Как-то очень незаметно мать подошла к Алексею, глядит на стриженую голову, на его обновку – ярко-синие галифе. Смотрит удивленно, с некоторой опаской.
– Это что у тебя?
– Брюки же. Из чертовой кожи.
– Из полицейской, – обрадованно пояснил Толя. Он уже знает подробности.
– Он… живой? – спросила мать совсем тихо.
– Тогда был живой, – сердится брат. – Ну что ты, мама, спрашиваешь? Фома взял себе, но ему малы, а мои разорвались, когда я с дерева…
– Надо зайти к Павловичихе забрать папины, вот и Толя совсем обносился.

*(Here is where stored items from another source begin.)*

lemma power_abs_mult_exp_neg_square_le:
  fixes s k :: real
  assumes "k > 0" and "j \<le> 2"
  shows "\<bar>s\<bar> ^ j * exp (- s\<^sup>2 / (2 * k)) \<le> (1 + 2 * k) ^ j"
proof -
  define w where "w = s\<^sup>2 / (2 * k)"
  have e_le_1: "exp (- w) \<le> 1"
    using \<open>k > 0\<close> by (simp add: w_def)
  have "w \<le> exp w"
    using exp_ge_add_one_self[of w] by linarith
  then have "w * exp (- w) \<le> exp w * exp (- w)"
    by (intro mult_right_mono) auto
  then have "w * exp (- w) \<le> 1"
    by (simp add: exp_minus_inverse)
  then have square: "s\<^sup>2 * exp (- w) \<le> 2 * k"
    using \<open>k > 0\<close> by (simp add: w_def field_simps)
  have "\<bar>s\<bar> \<le> 1 + s\<^sup>2"
    using power2_diff[of "\<bar>s\<bar>" 1] zero_le_power2[of "\<bar>s\<bar> - 1"] by simp
  then have "\<bar>s\<bar> * exp (- w) \<le> (1 + s\<^sup>2) * exp (- w)"
    by (intro mult_right_mono) auto
  then have linear: "\<bar>s\<bar> * exp (- w) \<le> 1 + 2 * k"
    using e_le_1 square unfolding distrib_right by linarith
  have "2 * k \<le> (1 + 2 * k)\<^sup>2"
    using \<open>k > 0\<close> by (simp add: power2_eq_square algebra_simps)
  moreover have "j = 0 \<or> j = 1 \<or> j = 2"
    using \<open>j \<le> 2\<close> by auto
  ultimately show ?thesis
    using e_le_1 linear square by (auto simp: w_def power2_abs)
qed

lemma convex_on_neg_ln:
  fixes Z Z' Z'' :: "real \<Rightarrow> real"
  assumes pos: "\<And>t. Z t > 0"
    and Z': "\<And>t. (Z has_real_derivative Z' t) (at t)"
    and Z'': "\<And>t. (Z' has_real_derivative Z'' t) (at t)"
    and log_concave: "\<And>t. Z'' t * Z t \<le> (Z' t)\<^sup>2"
  shows "convex_on UNIV (\<lambda>t. - ln (Z t))"
proof (rule f''_ge0_imp_convex)
  show "((\<lambda>t. - ln (Z t)) has_real_derivative - (Z' t / Z t)) (at t)" for t
    using pos[of t] by (auto intro!: derivative_eq_intros Z' simp: field_simps)
  show "((\<lambda>t. - (Z' t / Z t)) has_real_derivative
      - ((Z'' t * Z t - Z' t * Z' t) / (Z t * Z t))) (at t)" for t
    using pos[of t] by (intro DERIV_minus DERIV_divide Z' Z'') auto
  show "0 \<le> - ((Z'' t * Z t - Z' t * Z' t) / (Z t * Z t))" for t
    using log_concave[of t] by (simp add: power2_eq_square divide_nonpos_nonneg)
qed simp

lemma convex_on_if_convex_on_lines:
  fixes \<phi> :: "'a::real_vector \<Rightarrow> real"
  assumes lines: "\<And>x v. convex_on UNIV (\<lambda>t. \<phi> (x + t *\<^sub>R v))"
  shows "convex_on UNIV \<phi>"
proof (rule convex_onI)
  fix u :: real and x y :: 'a
  assume "0 < u" "u < 1"
  have "\<phi> (x + u *\<^sub>R (y - x)) \<le> (1 - u) * \<phi> (x + 0 *\<^sub>R (y - x)) + u * \<phi> (x + 1 *\<^sub>R (y - x))"
    using convex_onD[OF lines[of x "y - x"], of u 0 1] \<open>0 < u\<close> \<open>u < 1\<close> by simp
  moreover have "x + u *\<^sub>R (y - x) = (1 - u) *\<^sub>R x + u *\<^sub>R y"
    by (simp add: algebra_simps)
  ultimately show "\<phi> ((1 - u) *\<^sub>R x + u *\<^sub>R y) \<le> (1 - u) * \<phi> x + u * \<phi> y"
    by simp
qed simp

lemma poincare_variance_inner_le:
  fixes M :: "'a::euclidean_space measure"
  assumes "prob_space M" and "poincare M C"
    and "integrable M (\<lambda>y. (inner (y - x) v)\<^sup>2)"
  shows "prob_space.variance M (\<lambda>y. inner (y - x) v) \<le> C * (norm v)\<^sup>2"
proof -
  interpret prob_space M by fact
  have "GDERIV (\<lambda>y. inner (y - x) v) y :> v" for y
    unfolding gderiv_def by (auto intro!: derivative_eq_intros)
  then have "variance (\<lambda>y. inner (y - x) v) \<le> C * expectation (\<lambda>_. (norm v)\<^sup>2)"
    using \<open>poincare M C\<close> assms(3) unfolding poincare_def
    by (elim conjE allE[where x="\<lambda>y. inner (y - x) v"] allE[where x="\<lambda>_::'a. v"]) auto
  then show ?thesis
    by (simp add: prob_space)
qed

lemma mu_weight_pos: "mu_weight f lam del x y > 0"
  by (simp add: mu_weight_def)

lemma inner_diff_line: "inner (y - (x + t *\<^sub>R v)) v = inner (y - x) v - t * (norm v)\<^sup>2"
  by (simp add: power2_norm_eq_inner inner_diff_left inner_add_left)

lemma has_real_derivative_inner_line:
  "((\<lambda>t. inner (y - (x + t *\<^sub>R v)) v) has_real_derivative - (norm v)\<^sup>2) (at t)"
  unfolding inner_diff_line by (auto intro!: derivative_eq_intros)

lemma has_real_derivative_mu_weight_line:
  fixes f :: "'a::euclidean_space \<Rightarrow> real"
  assumes "lam * del \<noteq> 0"
  shows "((\<lambda>t. mu_weight f lam del (x + t *\<^sub>R v) y) has_real_derivative
      mu_weight f lam del (x + t *\<^sub>R v) y * (inner (y - (x + t *\<^sub>R v)) v / (lam * del))) (at t)"
proof -
  have norm_sq: "(norm (y - (x + t *\<^sub>R v)))\<^sup>2
      = (norm (y - x))\<^sup>2 - 2 * t * inner (y - x) v + t\<^sup>2 * (norm v)\<^sup>2" for t
    unfolding power2_norm_eq_inner
    by (simp add: inner_diff_left inner_diff_right inner_add_left inner_add_right inner_commute
        algebra_simps power2_eq_square)
  show ?thesis
    unfolding mu_weight_def inner_diff_line norm_sq using assms
    by (auto intro!: derivative_eq_intros simp: field_simps power2_eq_square)
qed

definition mu_normaliser :: "('a::euclidean_space \<Rightarrow> real) \<Rightarrow> real \<Rightarrow> real \<Rightarrow> 'a \<Rightarrow> real" where
  "mu_normaliser f lam del x = (\<integral>y. mu_weight f lam del x y \<partial>lborel)"

definition weight_moment ::
    "('a::euclidean_space \<Rightarrow> real) \<Rightarrow> real \<Rightarrow> real \<Rightarrow> 'a \<Rightarrow> nat \<Rightarrow> 'a \<Rightarrow> real" where
  "weight_moment f lam del v j x = (\<integral>y. mu_weight f lam del x y * (inner (y - x) v) ^ j \<partial>lborel)"

lemma weight_moment_0[simp]: "weight_moment f lam del v 0 x = mu_normaliser f lam del x"
  by (simp add: weight_moment_def mu_normaliser_def)

lemma mu_eq_density:
  "mu f lam del x
    = density lborel (\<lambda>y. ennreal (mu_weight f lam del x y / mu_normaliser f lam del x))"
  unfolding mu_def mu_normaliser_def ..

lemma soft_moreau_eq_ln_mu_normaliser:
  fixes f :: "'a::euclidean_space \<Rightarrow> real"
  shows "soft_moreau f lam del x
    = - del * ln ((2 * pi * lam * del) powr (- real DIM('a) / 2) * mu_normaliser f lam del x)"
  by (simp add: soft_moreau_def mu_normaliser_def mu_weight_def mult.commute)

locale soft_moreau_kernel =
  fixes f :: "'a::euclidean_space \<Rightarrow> real" and lam del :: real
  assumes lam_pos: "lam > 0" and del_pos: "del > 0"
    and f_measurable[measurable]: "f \<in> borel_measurable lborel"
    and integrable_exp_f: "integrable lborel (\<lambda>y. exp (- f y / del))"
begin

lemma mu_weight_measurable[measurable]: "mu_weight f lam del x \<in> borel_measurable lborel"
  unfolding mu_weight_def by measurable

lemma mu_weight_inner_power_bound:
  assumes "j \<le> 2"
  shows "\<bar>mu_weight f lam del x y * (inner (y - x) v) ^ j\<bar>
    \<le> ((1 + 2 * (lam * del)) * norm v) ^ j * exp (- f y / del)"
proof -
  define s where "s = norm (y - x)"
  have "\<bar>inner (y - x) v\<bar> ^ j \<le> (s * norm v) ^ j"
    unfolding s_def by (intro power_mono Cauchy_Schwarz_ineq2) simp
  then have "\<bar>mu_weight f lam del x y * (inner (y - x) v) ^ j\<bar>
      \<le> exp (- f y / del) * (\<bar>s\<bar> ^ j * exp (- s\<^sup>2 / (2 * (lam * del)))) * norm v ^ j"
    by (simp add: mu_weight_def s_def abs_mult power_abs power_mult_distrib mult.assoc
        mult.left_commute mult_left_mono)
  also have "\<dots> \<le> exp (- f y / del) * (1 + 2 * (lam * del)) ^ j * norm v ^ j"
    using power_abs_mult_exp_neg_square_le[of "lam * del" j s] lam_pos del_pos assms
    by (intro mult_right_mono mult_left_mono) auto
  finally show ?thesis
    by (simp only: power_mult_distrib mult_ac)
qed

lemma integrable_mu_weight_inner_power:
  assumes "j \<le> 2"
  shows "integrable lborel (\<lambda>y. mu_weight f lam del x y * (inner (y - x) v) ^ j)"
proof (rule Bochner_Integration.integrable_bound)
  show "integrable lborel (\<lambda>y. ((1 + 2 * (lam * del)) * norm v) ^ j * exp (- f y / del))"
    using integrable_exp_f by simp
  show "AE y in lborel. norm (mu_weight f lam del x y * (inner (y - x) v) ^ j)
      \<le> norm (((1 + 2 * (lam * del)) * norm v) ^ j * exp (- f y / del))"
    using mu_weight_inner_power_bound[OF assms]
    by (intro AE_I2) (metis abs_ge_self order_trans real_norm_def)
qed simp

lemma integrable_mu_weight: "integrable lborel (mu_weight f lam del x)"
  using integrable_mu_weight_inner_power[of 0] by simp

lemma mu_normaliser_pos: "mu_normaliser f lam del x > 0"
proof -
  have nonneg: "AE y in lborel. 0 \<le> mu_weight f lam del x y"
    by (intro AE_I2 less_imp_le mu_weight_pos)
  have "\<not> (AE y in lborel. mu_weight f lam del x y = 0)"
  proof
    assume "AE y in lborel. mu_weight f lam del x y = 0"
    then have "AE y in (lborel :: 'a measure). False"
      by eventually_elim (metis mu_weight_pos less_irrefl)
    then show False
      by (simp add: eventually_False ae_filter_eq_bot_iff)
  qed
  then show ?thesis
    using integral_nonneg_eq_0_iff_AE[OF integrable_mu_weight nonneg]
      integral_nonneg_AE[OF nonneg]
    unfolding mu_normaliser_def by linarith
qed

lemma prob_space_mu: "prob_space (mu f lam del x)"
proof
  have "integrable lborel (\<lambda>y. mu_weight f lam del x y / mu_normaliser f lam del x)"
    by (intro integrable_divide integrable_mu_weight)
  moreover have "AE y in lborel. 0 \<le> mu_weight f lam del x y / mu_normaliser f lam del x"
    by (intro AE_I2 less_imp_le divide_pos_pos mu_weight_pos mu_normaliser_pos)
  ultimately have "(\<integral>\<^sup>+y. ennreal (mu_weight f lam del x y / mu_normaliser f lam del x) \<partial>lborel)
      = ennreal (\<integral>y. mu_weight f lam del x y / mu_normaliser f lam del x \<partial>lborel)"
    by (rule nn_integral_eq_integral)
  also have "(\<integral>y. mu_weight f lam del x y / mu_normaliser f lam del x \<partial>lborel) = 1"
    using mu_normaliser_pos[of x] unfolding mu_normaliser_def by simp
  finally show "emeasure (mu f lam del x) (space (mu f lam del x)) = 1"
    unfolding mu_eq_density by (simp add: emeasure_density)
qed

lemma
  assumes "j \<le> 2"
  shows integrable_mu_inner_power: "integrable (mu f lam del x) (\<lambda>y. (inner (y - x) v) ^ j)"
    and integral_mu_inner_power:
      "(\<integral>y. (inner (y - x) v) ^ j \<partial>mu f lam del x)
        = weight_moment f lam del v j x / mu_normaliser f lam del x"
proof -
  have nonneg: "AE y in lborel. 0 \<le> mu_weight f lam del x y / mu_normaliser f lam del x"
    by (intro AE_I2 less_imp_le divide_pos_pos mu_weight_pos mu_normaliser_pos)
  have "integrable lborel
      (\<lambda>y. mu_weight f lam del x y * (inner (y - x) v) ^ j / mu_normaliser f lam del x)"
    using integrable_mu_weight_inner_power[OF assms] by simp
  then show "integrable (mu f lam del x) (\<lambda>y. (inner (y - x) v) ^ j)"
    unfolding mu_eq_density using nonneg by (subst integrable_density) auto
  show "(\<integral>y. (inner (y - x) v) ^ j \<partial>mu f lam del x)
      = weight_moment f lam del v j x / mu_normaliser f lam del x"
    unfolding mu_eq_density using nonneg
    by (subst integral_density) (auto simp: weight_moment_def)
qed

lemma weight_moment_variance_le:
  assumes "poincare (mu f lam del x) C" and "C \<le> lam * del"
  shows "weight_moment f lam del v 2 x * mu_normaliser f lam del x
      - (weight_moment f lam del v 1 x)\<^sup>2
    \<le> lam * del * (norm v)\<^sup>2 * (mu_normaliser f lam del x)\<^sup>2"
proof -
  interpret prob_space "mu f lam del x"
    by (rule prob_space_mu)
  define Z where "Z = mu_normaliser f lam del x"
  have "Z > 0"
    unfolding Z_def by (rule mu_normaliser_pos)
  have "variance (\<lambda>y. inner (y - x) v)
      = expectation (\<lambda>y. (inner (y - x) v)\<^sup>2) - (expectation (\<lambda>y. inner (y - x) v))\<^sup>2"
    using integrable_mu_inner_power[of 1] integrable_mu_inner_power[of 2]
    by (intro variance_eq) auto
  then have "weight_moment f lam del v 2 x / Z - (weight_moment f lam del v 1 x / Z)\<^sup>2
      = variance (\<lambda>y. inner (y - x) v)"
    using integral_mu_inner_power[of 1] integral_mu_inner_power[of 2] by (simp add: Z_def)
  also have "\<dots> \<le> C * (norm v)\<^sup>2"
    using poincare_variance_inner_le[OF prob_space_mu assms(1)
        integrable_mu_inner_power[OF order_refl]] .
  also have "\<dots> \<le> lam * del * (norm v)\<^sup>2"
    using assms(2) by (simp add: mult_right_mono)
  finally show ?thesis
    using \<open>Z > 0\<close> by (simp add: Z_def[symmetric] field_simps power2_eq_square)
qed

Переключилось внимание на Толю – Алексей сразу посветлел. И улыбается, не морща лба, и разговаривает охотно. Совсем семейный разговор. Но мама, хотя и отошла от других к Алексею и Толе, – все замечает. Молокович сильно натер ногу. Сидит разутый на новом столе, шевелит пальцами, рассматривает их внимательно, будто пересчитывает. Спросил, нет ли воды. С непонятной строгостью мать приказала Толе:
– Сходи к кухне.
Толя пошел, неся в себе тупую обиду. Мама, Алексей живут в том особенном мире, где все, кроме Толи, все, с кем ему так хочется быть. А он один, совсем один. И даже она с ним так разговаривает. За этот месяц во взводе никого и не убило, двоих только ранило. Не убили бы и Толю. Значит, зря он столько мучился. Мог ходить со всеми, веселый, легкий. Будешь сидеть, сидеть, а потом пойдешь и в первом же бою…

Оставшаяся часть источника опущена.